National estimates of excess mortality under Medicaid work requirements. A) Annual excess deaths among adults aged 19–64 under three disenrollment scenarios: CBO-based (4.8 M), Arkansas-based (5.5 M), and New Hampshire-based (6.3 M). B) Contour plot of excess mortality as a function of auto-exemption efficiency (the proportion of eligible individuals automatically exempted using administrative data) and reporting non-compliance (the proportion of individuals required to report who fail to do so). Real-world implementation points from Arkansas and New Hampshire are shown.

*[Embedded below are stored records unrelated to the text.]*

(* $\mathrm{Pol}(\mathbb{M}_0)$ does not satisfy $\Sigma_2$, but $\mathrm{Pol}(\mathbb{M}_1)$ satisfies $\Sigma_2$.
   Context: $\psi_2=\{(0,1),(1,0),(2,2)\}$; $\mu_2$ is the equivalence relation on $\{0,1,2\}$ with classes $\{0,1\},\{2\}$ and $\rho_2=\{0,1,2\}^2\setminus\mu_2$. $\mathbb{M}_0=(\{0,1,2\};\psi_2,\rho_2,\{0,1\},\{0\},\{1\},\{2\})$ and $\mathbb{M}_1=(\{0,1,2\};\psi_2,\mu_2,\{0\},\{1\},\{2\})$; $\mathrm{Pol}$ denotes the clone of all operations preserving the given relations. A clone satisfies $\Sigma_2$ if it contains a 5-ary symmetric operation $f$ (invariant under all permutations of its arguments) satisfying $f(x,x,y,y,z)\approx f(x,y,y,z,z)$. *)

theory Defs
  imports "HOL-Combinatorics.Permutations"
begin

text \<open>Operations on the domain D are functions on argument lists; an n-ary
operation is only considered on lists of length n over D.
A relational structure is a domain together with a list of relations,
each given with its arity m as a set of m-tuples (lists of length m).\<close>

definition D3 :: "nat set" where "D3 = {0,1,2}"

definition preserves :: "nat \<Rightarrow> (nat list \<Rightarrow> nat) \<Rightarrow> nat \<Rightarrow> nat list set \<Rightarrow> bool" where
  "preserves n f m R \<longleftrightarrow>
     (\<forall>ts. length ts = n \<longrightarrow> set ts \<subseteq> R \<longrightarrow>
        map (\<lambda>i. f (map (\<lambda>t. t ! i) ts)) [0..<m] \<in> R)"

definition Pol :: "nat set \<Rightarrow> (nat \<times> nat list set) list \<Rightarrow> nat \<Rightarrow> (nat list \<Rightarrow> nat) set" where
  "Pol A Rs n = {f. (\<forall>xs. length xs = n \<longrightarrow> set xs \<subseteq> A \<longrightarrow> f xs \<in> A) \<and>
                    (\<forall>(m, R) \<in> set Rs. preserves n f m R)}"

definition symmetric_op :: "nat set \<Rightarrow> nat \<Rightarrow> (nat list \<Rightarrow> nat) \<Rightarrow> bool" where
  "symmetric_op A n f \<longleftrightarrow>
     (\<forall>xs \<sigma>. length xs = n \<longrightarrow> set xs \<subseteq> A \<longrightarrow> \<sigma> permutes {..<n} \<longrightarrow>
        f (map (\<lambda>i. xs ! \<sigma> i) [0..<n]) = f xs)"

definition satisfies_Sigma2 :: "nat set \<Rightarrow> (nat \<Rightarrow> (nat list \<Rightarrow> nat) set) \<Rightarrow> bool" where
  "satisfies_Sigma2 A C \<longleftrightarrow>
     (\<exists>f \<in> C 5. symmetric_op A 5 f \<and>
        (\<forall>x\<in>A. \<forall>y\<in>A. \<forall>z\<in>A. f [x,x,y,y,z] = f [x,y,y,z,z]))"

definition psi2 :: "nat list set" where "psi2 = {[0,1],[1,0],[2,2]}"

definition mu2 :: "nat list set" where
  "mu2 = {[x,y] | x y. (x \<in> {0,1} \<and> y \<in> {0,1}) \<or> (x = 2 \<and> y = 2)}"

definition rho2 :: "nat list set" where
  "rho2 = {[x,y] | x y. x \<in> D3 \<and> y \<in> D3} - mu2"

definition M0 :: "(nat \<times> nat list set) list" where
  "M0 = [(2, psi2), (2, rho2), (1, {[0],[1]}), (1, {[0]}), (1, {[1]}), (1, {[2]})]"

definition M1 :: "(nat \<times> nat list set) list" where
  "M1 = [(2, psi2), (2, mu2), (1, {[0]}), (1, {[1]}), (1, {[2]})]"

end

theory Submission
  imports Defs
begin

(* Pol(M0): psi2 is the graph of the involution swap01 exchanging 0 and 1, and its only
   diagonal pair is (2,2). A symmetric polymorphism of psi2 therefore sends every tuple whose
   multiset is invariant under swap01, such as (0,0,1,1,2) and (2,2,2,0,1), to 2. Preservation of
   rho2, applied to the columns (0,2),(1,2),(1,2),(2,0),(2,1), then gives f(0,1,1,2,2) <> 2,
   whereas the Sigma_2 identity forces f(0,1,1,2,2) = f(0,0,1,1,2) = 2.
   Pol(M1): the operation that is majority on {0,1}-tuples and 2 otherwise is symmetric,
   idempotent, preserves the block {0,1} of mu2, and commutes with swap01 because the arity
   is odd; majority also satisfies the Sigma_2 identity. *)

lemma symmetric_op_iff_mset:
  "symmetric_op A n f \<longleftrightarrow>
     (\<forall>xs ys. length xs = n \<longrightarrow> set xs \<subseteq> A \<longrightarrow> mset xs = mset ys \<longrightarrow> f xs = f ys)"
proof (intro iffI allI impI)
  fix xs ys :: "nat list"
  assume sym: "symmetric_op A n f" and "length xs = n" "set xs \<subseteq> A" "mset xs = mset ys"
  then obtain p where "p permutes {..<n}" "permute_list p xs = ys"
    by (metis mset_eq_permutation)
  then show "f xs = f ys"
    using sym \<open>length xs = n\<close> \<open>set xs \<subseteq> A\<close> unfolding symmetric_op_def permute_list_def by metis
next
  assume "\<forall>xs ys. length xs = n \<longrightarrow> set xs \<subseteq> A \<longrightarrow> mset xs = mset ys \<longrightarrow> f xs = f ys"
  then show "symmetric_op A n f"
    unfolding symmetric_op_def by (metis mset_permute_list permute_list_def)
qed

lemma preserves_binaryD:
  assumes "preserves n f 2 R" "list_all2 (\<lambda>x y. [x, y] \<in> R) xs ys" "length xs = n"
  shows "[f xs, f ys] \<in> R"
proof -
  define ts where "ts = map2 (\<lambda>x y. [x, y]) xs ys"
  have "length ts = length xs \<and> set ts \<subseteq> R \<and> map (\<lambda>t. t ! 0) ts = xs \<and> map (\<lambda>t. t ! 1) ts = ys"
    using assms(2) unfolding ts_def by (induction rule: list_all2_induct) auto
  then have "map (\<lambda>i. f (map (\<lambda>t. t ! i) ts)) [0..<2] \<in> R" and "map (\<lambda>t. t ! 0) ts = xs"
    and "map (\<lambda>t. t ! 1) ts = ys"
    using assms(1,3) unfolding preserves_def by blast+
  then show ?thesis
    by (simp add: upt_rec)
qed

lemma preserves_binaryI:
  assumes "\<forall>t \<in> R. length t = 2"
    and "\<And>xs ys. length xs = n \<Longrightarrow> list_all2 (\<lambda>x y. [x, y] \<in> R) xs ys \<Longrightarrow> [f xs, f ys] \<in> R"
  shows "preserves n f 2 R"
  unfolding preserves_def
proof (intro allI impI)
  fix ts :: "nat list list"
  assume "length ts = n" "set ts \<subseteq> R"
  have "t = [t ! 0, t ! 1]" if "t \<in> R" for t
    using assms(1) that by (cases t rule: list.exhaust[case_product list.exhaust[of "tl t"]]) auto
  with \<open>set ts \<subseteq> R\<close> have "list_all2 (\<lambda>x y. [x, y] \<in> R) (map (\<lambda>t. t ! 0) ts) (map (\<lambda>t. t ! 1) ts)"
    by (auto simp: list_all2_conv_all_nth intro: subsetD[OF _ nth_mem])
  then show "map (\<lambda>i. f (map (\<lambda>t. t ! i) ts)) [0..<2] \<in> R"
    using assms(2) \<open>length ts = n\<close> by (simp add: upt_rec)
qed

lemma preserves_singleton_iff:
  "preserves n f 1 {[c]} \<longleftrightarrow> f (replicate n c) = c"
proof -
  have "length ts = n \<and> set ts \<subseteq> {[c]} \<longleftrightarrow> ts = replicate n [c]" for ts :: "nat list list"
    by (auto intro!: replicate_length_same[symmetric])
  then show ?thesis
    unfolding preserves_def by (simp add: imp_conjL[symmetric])
qed

definition swap01 :: "nat \<Rightarrow> nat" where
  "swap01 x = (if x = 0 then 1 else if x = 1 then 0 else x)"

lemma psi2_iff: "[x, y] \<in> psi2 \<longleftrightarrow> x \<in> D3 \<and> y = swap01 x"
  by (auto simp: psi2_def D3_def swap01_def)

lemma psi2_diagonal: "[x, x] \<in> psi2 \<Longrightarrow> x = 2"
  by (auto simp: psi2_def)

lemma mu2_iff: "[x, y] \<in> mu2 \<longleftrightarrow> x \<in> D3 \<and> y \<in> D3 \<and> (x \<in> {0, 1} \<longleftrightarrow> y \<in> {0, 1})"
  by (auto simp: mu2_def D3_def)

definition maj_or_2 :: "nat list \<Rightarrow> nat" where
  "maj_or_2 xs = (if set xs \<subseteq> {0, 1} then if length xs < 2 * count (mset xs) 1 then 1 else 0 else 2)"

lemma maj_or_2_mset_cong: "mset xs = mset ys \<Longrightarrow> maj_or_2 xs = maj_or_2 ys"
  by (metis maj_or_2_def mset_eq_length mset_eq_setD)

lemma maj_or_2_in_D3: "maj_or_2 xs \<in> D3"
  by (simp add: maj_or_2_def D3_def)

lemma maj_or_2_in_01_iff: "maj_or_2 xs \<in> {0, 1} \<longleftrightarrow> set xs \<subseteq> {0, 1}"
  by (simp add: maj_or_2_def)

lemma maj_or_2_replicate: "n > 0 \<Longrightarrow> c \<in> D3 \<Longrightarrow> maj_or_2 (replicate n c) = c"
  by (auto simp: maj_or_2_def D3_def)

lemma count_map_swap01:
  "set xs \<subseteq> {0, 1} \<Longrightarrow> count (mset (map swap01 xs)) 1 + count (mset xs) 1 = length xs"
  by (induction xs) (auto simp: swap01_def)

lemma maj_or_2_map_swap01:
  assumes "odd (length xs)"
  shows "maj_or_2 (map swap01 xs) = swap01 (maj_or_2 xs)"
proof (cases "set xs \<subseteq> {0, 1}")
  case True
  then have "set (map swap01 xs) \<subseteq> {0, 1}"
    by (auto simp: swap01_def)
  moreover have "2 * count (mset xs) 1 \<noteq> length xs"
    using assms by presburger
  ultimately show ?thesis
    using True count_map_swap01[OF True] by (auto simp: maj_or_2_def swap01_def)
next
  case False
  then have "\<not> set (map swap01 xs) \<subseteq> {0, 1}"
    by (auto simp: swap01_def split: if_splits)
  with False show ?thesis
    by (simp add: maj_or_2_def swap01_def)
qed

lemma maj_or_2_Sigma2_identity: "maj_or_2 [x, x, y, y, z] = maj_or_2 [x, y, y, z, z]"
  by (cases "x \<in> {0, 1} \<and> y \<in> {0, 1} \<and> z \<in> {0, 1}") (auto simp: maj_or_2_def)

lemma preserves_psi2_maj_or_2: "odd n \<Longrightarrow> preserves n maj_or_2 2 psi2"
proof (rule preserves_binaryI)
  show "\<forall>t \<in> psi2. length t = 2"
    by (auto simp: psi2_def)
next
  fix xs ys
  assume "odd n" "length xs = n" "list_all2 (\<lambda>x y. [x, y] \<in> psi2) xs ys"
  then have "set xs \<subseteq> D3" "ys = map swap01 xs"
    by (auto simp: psi2_iff list_all2_conv_all_nth set_conv_nth intro: nth_equalityI)
  then show "[maj_or_2 xs, maj_or_2 ys] \<in> psi2"
    using \<open>odd n\<close> \<open>length xs = n\<close> by (simp add: psi2_iff maj_or_2_in_D3 maj_or_2_map_swap01)
qed

lemma preserves_mu2_maj_or_2: "preserves n maj_or_2 2 mu2"
proof (rule preserves_binaryI)
  show "\<forall>t \<in> mu2. length t = 2"
    by (auto simp: mu2_def)
next
  fix xs ys
  assume "list_all2 (\<lambda>x y. [x, y] \<in> mu2) xs ys"
  then have "set xs \<subseteq> {0, 1} \<longleftrightarrow> set ys \<subseteq> {0, 1}"
    by (induction rule: list_all2_induct) (auto simp: mu2_iff)
  then show "[maj_or_2 xs, maj_or_2 ys] \<in> mu2"
    unfolding mu2_iff maj_or_2_in_01_iff by (simp add: maj_or_2_in_D3)
qed

lemma maj_or_2_in_Pol_M1: "maj_or_2 \<in> Pol D3 M1 5"
proof -
  have "preserves 5 maj_or_2 1 {[c]}" if "c \<in> D3" for c
    \<comment> \<open>not via simp, which would first rewrite the arity 1 to Suc 0\<close>
    unfolding preserves_singleton_iff using that by (simp add: maj_or_2_replicate)
  then show ?thesis
    using maj_or_2_in_D3 preserves_psi2_maj_or_2[of 5] preserves_mu2_maj_or_2[of 5]
    by (auto simp: Pol_def M1_def D3_def)
qed

lemma Sigma2_Pol_M1: "satisfies_Sigma2 D3 (Pol D3 M1)"
  unfolding satisfies_Sigma2_def symmetric_op_iff_mset
  using maj_or_2_in_Pol_M1 maj_or_2_mset_cong maj_or_2_Sigma2_identity by blast

lemma symmetric_psi2_polymorphism_eq_2:
  assumes "preserves n f 2 psi2" "symmetric_op D3 n f" "length xs = n" "set xs \<subseteq> D3"
    and "mset (map swap01 xs) = mset xs"
  shows "f xs = 2"
proof -
  have "list_all2 (\<lambda>x y. [x, y] \<in> psi2) xs (map swap01 xs)"
    using assms(4) by (auto simp: list_all2_conv_all_nth psi2_iff)
  then have "[f xs, f (map swap01 xs)] \<in> psi2"
    by (rule preserves_binaryD[OF assms(1) _ assms(3)])
  moreover have "f (map swap01 xs) = f xs"
    using assms(2-5) unfolding symmetric_op_iff_mset by metis
  ultimately show ?thesis
    using psi2_diagonal by simp
qed

lemma not_Sigma2_Pol_M0: "\<not> satisfies_Sigma2 D3 (Pol D3 M0)"
proof
  assume "satisfies_Sigma2 D3 (Pol D3 M0)"
  then obtain f where "f \<in> Pol D3 M0 5" and sym: "symmetric_op D3 5 f"
    and identity: "\<forall>x\<in>D3. \<forall>y\<in>D3. \<forall>z\<in>D3. f [x, x, y, y, z] = f [x, y, y, z, z]"
    unfolding satisfies_Sigma2_def by blast
  then have psi: "preserves 5 f 2 psi2" and rho: "preserves 5 f 2 rho2"
    by (auto simp: Pol_def M0_def)
  have "f [0, 0, 1, 1, 2] = 2"
    by (rule symmetric_psi2_polymorphism_eq_2[OF psi sym]) (auto simp: D3_def swap01_def)
  moreover have "f [2, 2, 2, 0, 1] = 2"
    by (rule symmetric_psi2_polymorphism_eq_2[OF psi sym]) (auto simp: D3_def swap01_def)
  moreover have "[f [0, 1, 1, 2, 2], f [2, 2, 2, 0, 1]] \<in> rho2"
    by (rule preserves_binaryD[OF rho]) (auto simp: rho2_def mu2_def D3_def)
  moreover have "f [0, 0, 1, 1, 2] = f [0, 1, 1, 2, 2]"
    using identity by (simp add: D3_def)
  ultimately show False
    by (simp add: rho2_def mu2_def)
qed

theorem lemma6p8:
  shows "\<not> satisfies_Sigma2 D3 (Pol D3 M0) \<and> satisfies_Sigma2 D3 (Pol D3 M1)"
  using not_Sigma2_Pol_M0 Sigma2_Pol_M1 by blast

end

Excess mortality also increases substantially with lower automatic exemption efficiency and higher non-compliance rates. For example, with 60% exemption efficiency and a 75% non-compliance rate, projected deaths reach 10,120 (95% UI: 2072–20,855) (Fig. 1B).
To assess the sensitivity of our findings to the assumed relationship between insurance status and mortality, we also conducted a secondary analysis using a lower hazard ratio of 1.27, based on a recent quasi-experimental study of Medicaid expansion.21 Under this assumption, the median number of excess deaths ranges from 4777 under the CBO-based scenario to 6269 under the New Hampshire-based scenario.
We also estimated the burden of uncontrolled chronic disease associated with coverage loss. Across the three national scenarios, we project between 86,558 and 113,607 additional cases of uncontrolled diabetes, 102,960–135,135 cases of uncontrolled hypertension, and 28,800–37,800 cases of uncontrolled high cholesterol (Fig. 2). These increases reflect the expected rise in unmanaged chronic conditions resulting from reduced access to medications and clinical care.
Fig. 2.
National estimates of excess uncontrolled chronic disease cases under Medicaid work requirements. Projected increases in uncontrolled high cholesterol, diabetes, and hypertension among adults aged 19–64 under three disenrollment scenarios: CBO-based (4.8 M), Arkansas-based (5.5 M), and New Hampshire-based (6.3 M). Estimates reflect additional unmanaged cases attributable to insurance loss resulting from policy implementation.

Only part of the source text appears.